Why Would Anyone Want to Visit a Space Village Anyway?!

The primary ‘export’ of a Space Village will be tourism. People will buy condos in the Space Village to rent them out to space tourists. But what will attract tourists to the Space Village in the first place?

Lots of things. The Space Village is designed to accommodate the following recreational activities for tourists:

  1. A simulated “mission to Mars” on the Mars-gravity level. Because the Space Village has differing levels of gravity, tourists can pretend to travel to a Mars base and perhaps have a day-long challenging mission there. It will feel like Mars because the gravity level will  be identical to Martian gravity. Obviously it will be way cheaper and less dangerous than actually going to Mars because it will be a lot closer. Think of it like a mini-Mars theme park.
Instead of a one-way trip to the real thing, come to the Space Village and spend a day on a simulated Mars.
  1. A simulated “mission to the Moon.” Same thing as above, but on a simulated Moon.
  2. Zero-gravity play time, both wet and dry. The center of the Space Village will host a long (probably 40 meters long and 10 meters in diameter), tube-shaped gymnasium that lacks gravity. This space can be flooded with water to create spherical zero-gravity pools and at other times it can be dried out for dancing, sports and theatrical performances.
  3. “Day trips” to other orbits for views of other parts of the Earth. Because the Space Village will be in an equatorial orbit it will never pass over some of the most interesting sites from space e.g. New York City, the Giza Pyramids, the Himalayas, etc. To get around this I propose the Space Village host small spacecraft that, on a regularly scheduled basis, will fly to other orbits and allow tourists to see parts of the world from other orbits. The spacecraft can have snacks aboard and will be an adventure in and of itself.
  4. “Fly a ‘star-fighter'” One could fly a drone through an obstacle course visible from the Space Village and destroy simulated targets. Just like in your favorite sci-fi combat space opera.
  5. Then, all the usual stuff you might find on a cruise ship: casino, gym, observation areas, etc. Except there might be a zero-gravity version of each type. Also, the crew can give tours of the mechanical spaces and farms, etc. and explain how the place operates.

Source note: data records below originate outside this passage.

(* Let $n\ge2$, let $a_1,\dots,a_n$ be real numbers, $C(t)=\sum_{j=1}^n a_j\cos jt$, $S(t)=\sum_{j=1}^n a_j\sin jt$, and suppose $S(t_1)=0$ with $t_1\in(0,\pi)$. Define $a^{(1)}_1,\dots,a^{(1)}_{n-1}$ by setting $a^{(1)}_n=a^{(1)}_{n+1}=0$ and, for $k=n,n-1,\dots,2$ (in this order), $$a^{(1)}_{k-1}=2a_k+2\cos t_1\, a^{(1)}_k-a^{(1)}_{k+1}.$$ Then $C(t_1)=-\dfrac{a^{(1)}_1}{2}$.
   Context: The recursion expresses $a^{(1)}_1,\dots,a^{(1)}_{n-1}$ uniquely in terms of $a_2,\dots,a_n$ and $\cos t_1$; it is equivalent to the equations $a_k=\tfrac12a^{(1)}_{k-1}-\cos t_1\,a^{(1)}_k+\tfrac12a^{(1)}_{k+1}$ for $k=2,\dots,n$ (with $a^{(1)}_n=a^{(1)}_{n+1}=0$). *)

theory Defs
  imports Complex_Main
begin

text \<open>Downward recursion. aux a n c m is the coefficient a^(1)_{n+1-m}, for m = 0,1,...:
  m = 0, 1 give a^(1)_{n+1} = a^(1)_n = 0, and for m \<ge> 2 (k = n+2-m)
  a^(1)_{k-1} = 2 a_k + 2 c a^(1)_k - a^(1)_{k+1}.\<close>
fun coef1_aux :: "(nat \<Rightarrow> real) \<Rightarrow> nat \<Rightarrow> real \<Rightarrow> nat \<Rightarrow> real" where
  "coef1_aux a n c 0 = 0"
| "coef1_aux a n c (Suc 0) = 0"
| "coef1_aux a n c (Suc (Suc m)) =
     2 * a (n - m) + 2 * c * coef1_aux a n c (Suc m) - coef1_aux a n c m"

definition coef1 :: "(nat \<Rightarrow> real) \<Rightarrow> nat \<Rightarrow> real \<Rightarrow> nat \<Rightarrow> real" where
  "coef1 a n t1 k = coef1_aux a n (cos t1) (n + 1 - k)"

end

theory Submission
  imports Defs
begin

text \<open>Both sin and cos satisfy g(x + t) + g(x - t) = 2 cos t g(x), and the recursion defining
  b_k = a^(1)_k is exactly what makes Abel summation of sum_j a_j g(jt) against this three-term
  relation telescope: 2 sum_j a_j g(jt) = b_0 g(t) - b_1 g(0). For g = sin this reads
  2 S(t) = b_0 sin t, so S(t_1) = 0 with sin t_1 > 0 forces b_0 = 0; for g = cos it then reads
  2 C(t_1) = - b_1.\<close>

lemma coef1_aux_Abel_summation:
  fixes a :: "nat \<Rightarrow> real" and g :: "real \<Rightarrow> real"
  assumes g: "\<And>x. g (x + t) + g (x - t) = 2 * cos t * g x"
    and "m < n"
  shows "2 * (\<Sum>j=n-m..n. a j * g (real j * t)) =
           coef1_aux a n (cos t) (Suc (Suc m)) * g (real (n - m) * t)
         - coef1_aux a n (cos t) (Suc m) * g ((real (n - m) - 1) * t)"
  using \<open>m < n\<close>
proof (induction m)
  case 0
  then show ?case by simp
next
  case (Suc m)
  let ?b = "coef1_aux a n (cos t)"
  define x where "x = (real n - real m - 1) * t"
  have n_m: "real (n - m) = real n - real m" "real (n - Suc m) = real n - real m - 1"
    using Suc.prems by auto
  have split: "{n - Suc m..n} = insert (n - Suc m) {n - m..n}"
    using Suc.prems by auto
  have three_term: "g (x + t) = 2 * cos t * g x - g (x - t)"
    using g[of x] by simp
  have "2 * (\<Sum>j=n - Suc m..n. a j * g (real j * t))
        = 2 * a (n - Suc m) * g x + 2 * (\<Sum>j=n-m..n. a j * g (real j * t))"
    unfolding split using Suc.prems by (simp add: n_m x_def algebra_simps)
  also have "\<dots> = 2 * a (n - Suc m) * g x + ?b (Suc (Suc m)) * g (x + t) - ?b (Suc m) * g x"
    using Suc by (simp add: n_m x_def algebra_simps)
  also have "\<dots> = (2 * a (n - Suc m) + 2 * cos t * ?b (Suc (Suc m)) - ?b (Suc m)) * g x
                 - ?b (Suc (Suc m)) * g (x - t)"
    unfolding three_term by (simp add: algebra_simps del: coef1_aux.simps)
  finally show ?case
    using Suc.prems by (simp add: n_m x_def algebra_simps)
qed

lemma coef1_Abel_summation:
  fixes a :: "nat \<Rightarrow> real" and g :: "real \<Rightarrow> real"
  assumes "\<And>x. g (x + t) + g (x - t) = 2 * cos t * g x" and "n \<ge> 1"
  shows "2 * (\<Sum>j=1..n. a j * g (real j * t)) = coef1 a n t 0 * g t - coef1 a n t 1 * g 0"
proof -
  have "n - 1 < n" "n - (n - 1) = 1" "Suc (Suc (n - 1)) = n + 1" "Suc (n - 1) = n"
    using \<open>n \<ge> 1\<close> by auto
  then show ?thesis
    using coef1_aux_Abel_summation[of g t "n - 1" n a] assms(1)
    by (simp add: coef1_def)
qed

theorem corollary1:
  fixes a :: "nat \<Rightarrow> real" and n :: nat and t1 :: real
  assumes "n \<ge> 2"
    and "(\<Sum>j=1..n. a j * sin (real j * t1)) = 0"
    and "0 < t1" and "t1 < pi"
  shows "(\<Sum>j=1..n. a j * cos (real j * t1)) = - coef1 a n t1 1 / 2"
proof -
  have n: "n \<ge> 1" using assms(1) by simp
  have S: "2 * (\<Sum>j=1..n. a j * sin (real j * t1)) = coef1 a n t1 0 * sin t1"
    using coef1_Abel_summation[of sin t1 n a, OF _ n] by (simp add: sin_add sin_diff)
  have C: "2 * (\<Sum>j=1..n. a j * cos (real j * t1)) = coef1 a n t1 0 * cos t1 - coef1 a n t1 1"
    using coef1_Abel_summation[of cos t1 n a, OF _ n] by (simp add: cos_add cos_diff)
  have "sin t1 > 0" using assms(3,4) by (simp add: sin_gt_zero)
  then have "coef1 a n t1 0 = 0" using S assms(2) by simp
  then show ?thesis using C by simp
qed

end
(* Let $T\ge2$, and let $\mathscr Q^{\mathrm{VC}}$ be the mixture probability assignment built from $g_1,\dots,g_{m_\epsilon}\in\mathcal G$. For every $x_{1:T}\in\mathcal X^T$, $y_{1:T}\in\{0,1\}^T$, $g^*\in\mathcal G$ and $\theta_0^*,\theta_1^*\in[0,1]$, $$\log\frac{p_{g^*,\theta_0^*,\theta_1^*}(y_{1:T}\mid x_{1:T})}{q(y_{1:T}\|x_{1:T})}\le\log m_\epsilon+2\log T+32\,\min_{i\in[m_\epsilon]}d_H\big(g^*(x_{1:T}),g_i(x_{1:T})\big)\log T,$$ where $g(x_{1:T})=(g(x_1),\dots,g(x_T))\in\{0,1\}^T$ and $d_H$ is Hamming distance.
   Context: $\mathcal G\subseteq\{\mathcal X\to\{0,1\}\}$ is a class of binary functions. The VC class $\mathcal F^{\mathrm{VC}}$ consists of the predictors indexed by $(g,\theta_0,\theta_1)\in\mathcal G\times[0,1]^2$ with $p_{g,\theta_0,\theta_1}(1\mid x)=\theta_{g(x)}$, $p_{g,\theta_0,\theta_1}(0\mid x)=1-\theta_{g(x)}$, and $p_{g,\theta_0,\theta_1}(y_{1:t}\mid x_{1:t})=\prod_{i\le t}p_{g,\theta_0,\theta_1}(y_i\mid x_i)$. Given $g_1,\dots,g_{m_\epsilon}\in\mathcal G$, the mixture assignment $\mathscr Q^{\mathrm{VC}}$ is defined by $q(y_{1:t}\|x_{1:t})=\frac1{m_\epsilon}\sum_{i=1}^{m_\epsilon}\int_0^1\int_0^1p_{g_i,\theta_0,\theta_1}(y_{1:t}\mid x_{1:t})\,d\theta_0\,d\theta_1$, with sequential predictions $q(1\mid x_{1:t},y_{1:t-1})=q(y_{1:t-1}1\|x_{1:t})/q(y_{1:t-1}\|x_{1:t-1})$, so that $q(y_{1:T}\|x_{1:T})=\prod_t q(y_t\mid x_{1:t},y_{1:t-1})$. Logarithms are natural. *)

theory Defs
  imports "HOL-Analysis.Analysis"
begin

text \<open>Binary functions X -> {0,1} are modelled as 'x => bool (True = 1, False = 0).
  Sequences x_{1:T}, y_{1:T} are modelled as functions on nat, using indices 0..T-1.\<close>

definition theta_sel :: "bool \<Rightarrow> real \<Rightarrow> real \<Rightarrow> real" where
  "theta_sel b th0 th1 = (if b then th1 else th0)"

definition pVC :: "('x \<Rightarrow> bool) \<Rightarrow> real \<Rightarrow> real \<Rightarrow> nat \<Rightarrow> (nat \<Rightarrow> 'x) \<Rightarrow> (nat \<Rightarrow> bool) \<Rightarrow> real" where
  "pVC g th0 th1 T x y =
     (\<Prod>t<T. if y t then theta_sel (g (x t)) th0 th1 else 1 - theta_sel (g (x t)) th0 th1)"

definition qVC :: "nat \<Rightarrow> (nat \<Rightarrow> ('x \<Rightarrow> bool)) \<Rightarrow> nat \<Rightarrow> (nat \<Rightarrow> 'x) \<Rightarrow> (nat \<Rightarrow> bool) \<Rightarrow> real" where
  "qVC m gs T x y =
     (1 / real m) * (\<Sum>i<m. integral {0..1} (\<lambda>th0. integral {0..1} (\<lambda>th1. pVC (gs i) th0 th1 T x y)))"

definition hamming_on :: "nat \<Rightarrow> (nat \<Rightarrow> 'x) \<Rightarrow> ('x \<Rightarrow> bool) \<Rightarrow> ('x \<Rightarrow> bool) \<Rightarrow> nat" where
  "hamming_on T x g h = card {t \<in> {..<T}. g (x t) \<noteq> h (x t)}"

end

theory Submission
  imports Defs
begin

text \<open>
  For a single expert \<open>g\<close> the likelihood factorises into two Bernoulli likelihoods
  \<open>\<theta>\<^sup>a (1-\<theta>)\<^sup>b\<close>, whose uniform mixture is the Beta integral \<open>a! b! / (a+b+1)!\<close>;
  by the binomial theorem this is at least \<open>\<theta>\<^sup>a (1-\<theta>)\<^sup>b / (a+b+1)\<close>, so the
  Laplace mixture loses at most a factor \<open>(n\<^sub>0+1)(n\<^sub>1+1) \<le> T\<^sup>2\<close> against the best
  parameters. To compare with \<open>g\<^sup>*\<close>, shrink \<open>\<theta>\<^sub>0, \<theta>\<^sub>1\<close> towards \<open>1/2\<close> by
  \<open>e = 1/T\<^sup>2\<close>: then \<open>g\<close> gives every outcome probability at least \<open>e/2\<close>, which bounds
  the loss on the \<open>d\<close> rounds where \<open>g\<close> and \<open>g\<^sup>*\<close> disagree by \<open>(2T\<^sup>2)\<^sup>d\<close>, while
  the agreeing rounds lose only \<open>(1-e)\<^sup>T \<ge> 1/2\<close>. Uniform weights over the \<open>m\<close>
  experts cost the remaining factor \<open>m\<close>.
\<close>

lemma has_integral_power_unit_interval:
  "((\<lambda>s::real. s ^ n) has_integral 1 / real (Suc n)) {0..1}"
proof -
  have "((\<lambda>s. s ^ Suc n / real (Suc n)) has_real_derivative s ^ n) (at s within {0..1})"
    for s :: real
    using DERIV_cdivide[OF DERIV_pow[of "Suc n" s "{0..1}"], of "real (Suc n)"] by simp
  then have "((\<lambda>s::real. s ^ n) has_integral
      1 ^ Suc n / real (Suc n) - 0 ^ Suc n / real (Suc n)) {0..1}"
    by (intro fundamental_theorem_of_calculus)
       (auto simp: has_real_derivative_iff_has_vector_derivative[symmetric])
  then show ?thesis by simp
qed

All of these activities could be operated as concessions or they could be operated by the Space Village Company itself.  But the point is, having such a large, permanent, robust facility will allow for a great number of ambitious space tourism activities that in turn will attract a lot of visitors.

And all this ignores that even though tourism will be the primary export for the Space Village it will not be the only export. Having dozens of highly trained people in space will attract all sorts of other business to the Space Village: satellite repair and assembly, pharmaceutical research and maybe even really far out stuff like raw materials processing and refining.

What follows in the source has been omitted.